Nothing in the entries may be dropped: restate them word for word.
··· Supplied material ···
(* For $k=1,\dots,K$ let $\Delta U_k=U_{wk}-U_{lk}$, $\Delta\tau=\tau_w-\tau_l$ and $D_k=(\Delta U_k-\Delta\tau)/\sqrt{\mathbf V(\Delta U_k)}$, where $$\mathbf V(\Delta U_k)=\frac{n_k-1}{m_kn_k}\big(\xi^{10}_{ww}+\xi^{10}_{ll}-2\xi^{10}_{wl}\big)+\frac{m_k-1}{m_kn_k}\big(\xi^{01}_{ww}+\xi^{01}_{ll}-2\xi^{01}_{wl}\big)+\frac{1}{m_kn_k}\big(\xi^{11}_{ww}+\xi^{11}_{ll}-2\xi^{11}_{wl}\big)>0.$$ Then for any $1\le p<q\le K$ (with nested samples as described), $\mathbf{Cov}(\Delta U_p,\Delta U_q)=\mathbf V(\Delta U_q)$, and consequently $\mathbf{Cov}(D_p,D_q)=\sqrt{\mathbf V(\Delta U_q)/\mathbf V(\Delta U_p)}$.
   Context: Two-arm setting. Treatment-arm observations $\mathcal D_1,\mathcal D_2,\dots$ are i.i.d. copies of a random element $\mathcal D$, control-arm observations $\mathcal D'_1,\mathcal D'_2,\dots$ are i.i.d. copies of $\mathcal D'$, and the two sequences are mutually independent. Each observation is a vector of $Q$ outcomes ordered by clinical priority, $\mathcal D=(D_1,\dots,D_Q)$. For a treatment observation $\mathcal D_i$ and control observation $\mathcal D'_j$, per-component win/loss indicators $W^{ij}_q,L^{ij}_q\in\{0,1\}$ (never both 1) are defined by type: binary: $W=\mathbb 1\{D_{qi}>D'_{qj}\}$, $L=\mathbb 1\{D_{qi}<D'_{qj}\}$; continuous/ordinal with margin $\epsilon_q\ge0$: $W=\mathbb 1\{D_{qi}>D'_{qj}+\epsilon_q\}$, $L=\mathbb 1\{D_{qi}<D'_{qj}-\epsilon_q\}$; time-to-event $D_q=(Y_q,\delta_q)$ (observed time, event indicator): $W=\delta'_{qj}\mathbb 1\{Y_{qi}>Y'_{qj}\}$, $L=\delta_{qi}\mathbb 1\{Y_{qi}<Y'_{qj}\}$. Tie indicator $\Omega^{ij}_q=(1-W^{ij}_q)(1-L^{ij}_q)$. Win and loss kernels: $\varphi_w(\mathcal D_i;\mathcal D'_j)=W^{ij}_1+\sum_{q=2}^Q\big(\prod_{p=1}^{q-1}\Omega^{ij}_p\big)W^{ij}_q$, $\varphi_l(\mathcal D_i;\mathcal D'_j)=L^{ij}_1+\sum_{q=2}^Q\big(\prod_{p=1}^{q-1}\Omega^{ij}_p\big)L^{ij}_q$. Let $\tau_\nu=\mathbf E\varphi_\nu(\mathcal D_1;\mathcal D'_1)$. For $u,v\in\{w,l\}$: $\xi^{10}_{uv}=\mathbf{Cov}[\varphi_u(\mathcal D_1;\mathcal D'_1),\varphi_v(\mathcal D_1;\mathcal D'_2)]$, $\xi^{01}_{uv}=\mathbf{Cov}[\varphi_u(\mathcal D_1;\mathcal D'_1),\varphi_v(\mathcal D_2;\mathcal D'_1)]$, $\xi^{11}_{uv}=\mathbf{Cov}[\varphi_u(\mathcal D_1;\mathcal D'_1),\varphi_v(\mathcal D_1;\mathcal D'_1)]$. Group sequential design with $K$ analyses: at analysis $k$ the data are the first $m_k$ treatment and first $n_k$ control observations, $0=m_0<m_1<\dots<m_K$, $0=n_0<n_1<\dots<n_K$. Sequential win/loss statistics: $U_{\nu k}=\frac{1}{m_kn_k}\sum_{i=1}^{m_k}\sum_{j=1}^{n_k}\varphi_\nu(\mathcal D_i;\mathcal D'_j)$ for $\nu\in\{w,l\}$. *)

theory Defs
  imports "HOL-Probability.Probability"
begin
···
Output of the exercise »
(* For $k=1,\dots,K$ let $\Delta U_k=U_{wk}-U_{lk}$, $\Delta\tau=\tau_w-\tau_l$ and $D_k=(\Delta U_k-\Delta\tau)/\sqrt{\mathbf V(\Delta U_k)}$, where $$\mathbf V(\Delta U_k)=\frac{n_k-1}{m_kn_k}\big(\xi^{10}_{ww}+\xi^{10}_{ll}-2\xi^{10}_{wl}\big)+\frac{m_k-1}{m_kn_k}\big(\xi^{01}_{ww}+\xi^{01}_{ll}-2\xi^{01}_{wl}\big)+\frac{1}{m_kn_k}\big(\xi^{11}_{ww}+\xi^{11}_{ll}-2\xi^{11}_{wl}\big)>0.$$ Then for any $1\le p<q\le K$ (with nested samples as described), $\mathbf{Cov}(\Delta U_p,\Delta U_q)=\mathbf V(\Delta U_q)$, and consequently $\mathbf{Cov}(D_p,D_q)=\sqrt{\mathbf V(\Delta U_q)/\mathbf V(\Delta U_p)}$.
   Context: Two-arm setting. Treatment-arm observations $\mathcal D_1,\mathcal D_2,\dots$ are i.i.d. copies of a random element $\mathcal D$, control-arm observations $\mathcal D'_1,\mathcal D'_2,\dots$ are i.i.d. copies of $\mathcal D'$, and the two sequences are mutually independent. Each observation is a vector of $Q$ outcomes ordered by clinical priority, $\mathcal D=(D_1,\dots,D_Q)$. For a treatment observation $\mathcal D_i$ and control observation $\mathcal D'_j$, per-component win/loss indicators $W^{ij}_q,L^{ij}_q\in\{0,1\}$ (never both 1) are defined by type: binary: $W=\mathbb 1\{D_{qi}>D'_{qj}\}$, $L=\mathbb 1\{D_{qi}<D'_{qj}\}$; continuous/ordinal with margin $\epsilon_q\ge0$: $W=\mathbb 1\{D_{qi}>D'_{qj}+\epsilon_q\}$, $L=\mathbb 1\{D_{qi}<D'_{qj}-\epsilon_q\}$; time-to-event $D_q=(Y_q,\delta_q)$ (observed time, event indicator): $W=\delta'_{qj}\mathbb 1\{Y_{qi}>Y'_{qj}\}$, $L=\delta_{qi}\mathbb 1\{Y_{qi}<Y'_{qj}\}$. Tie indicator $\Omega^{ij}_q=(1-W^{ij}_q)(1-L^{ij}_q)$. Win and loss kernels: $\varphi_w(\mathcal D_i;\mathcal D'_j)=W^{ij}_1+\sum_{q=2}^Q\big(\prod_{p=1}^{q-1}\Omega^{ij}_p\big)W^{ij}_q$, $\varphi_l(\mathcal D_i;\mathcal D'_j)=L^{ij}_1+\sum_{q=2}^Q\big(\prod_{p=1}^{q-1}\Omega^{ij}_p\big)L^{ij}_q$. Let $\tau_\nu=\mathbf E\varphi_\nu(\mathcal D_1;\mathcal D'_1)$. For $u,v\in\{w,l\}$: $\xi^{10}_{uv}=\mathbf{Cov}[\varphi_u(\mathcal D_1;\mathcal D'_1),\varphi_v(\mathcal D_1;\mathcal D'_2)]$, $\xi^{01}_{uv}=\mathbf{Cov}[\varphi_u(\mathcal D_1;\mathcal D'_1),\varphi_v(\mathcal D_2;\mathcal D'_1)]$, $\xi^{11}_{uv}=\mathbf{Cov}[\varphi_u(\mathcal D_1;\mathcal D'_1),\varphi_v(\mathcal D_1;\mathcal D'_1)]$. Group sequential design with $K$ analyses: at analysis $k$ the data are the first $m_k$ treatment and first $n_k$ control observations, $0=m_0<m_1<\dots<m_K$, $0=n_0<n_1<\dots<n_K$. Sequential win/loss statistics: $U_{\nu k}=\frac{1}{m_kn_k}\sum_{i=1}^{m_k}\sum_{j=1}^{n_k}\varphi_\nu(\mathcal D_i;\mathcal D'_j)$ for $\nu\in\{w,l\}$. *)

theory Defs
  imports "HOL-Probability.Probability"
begin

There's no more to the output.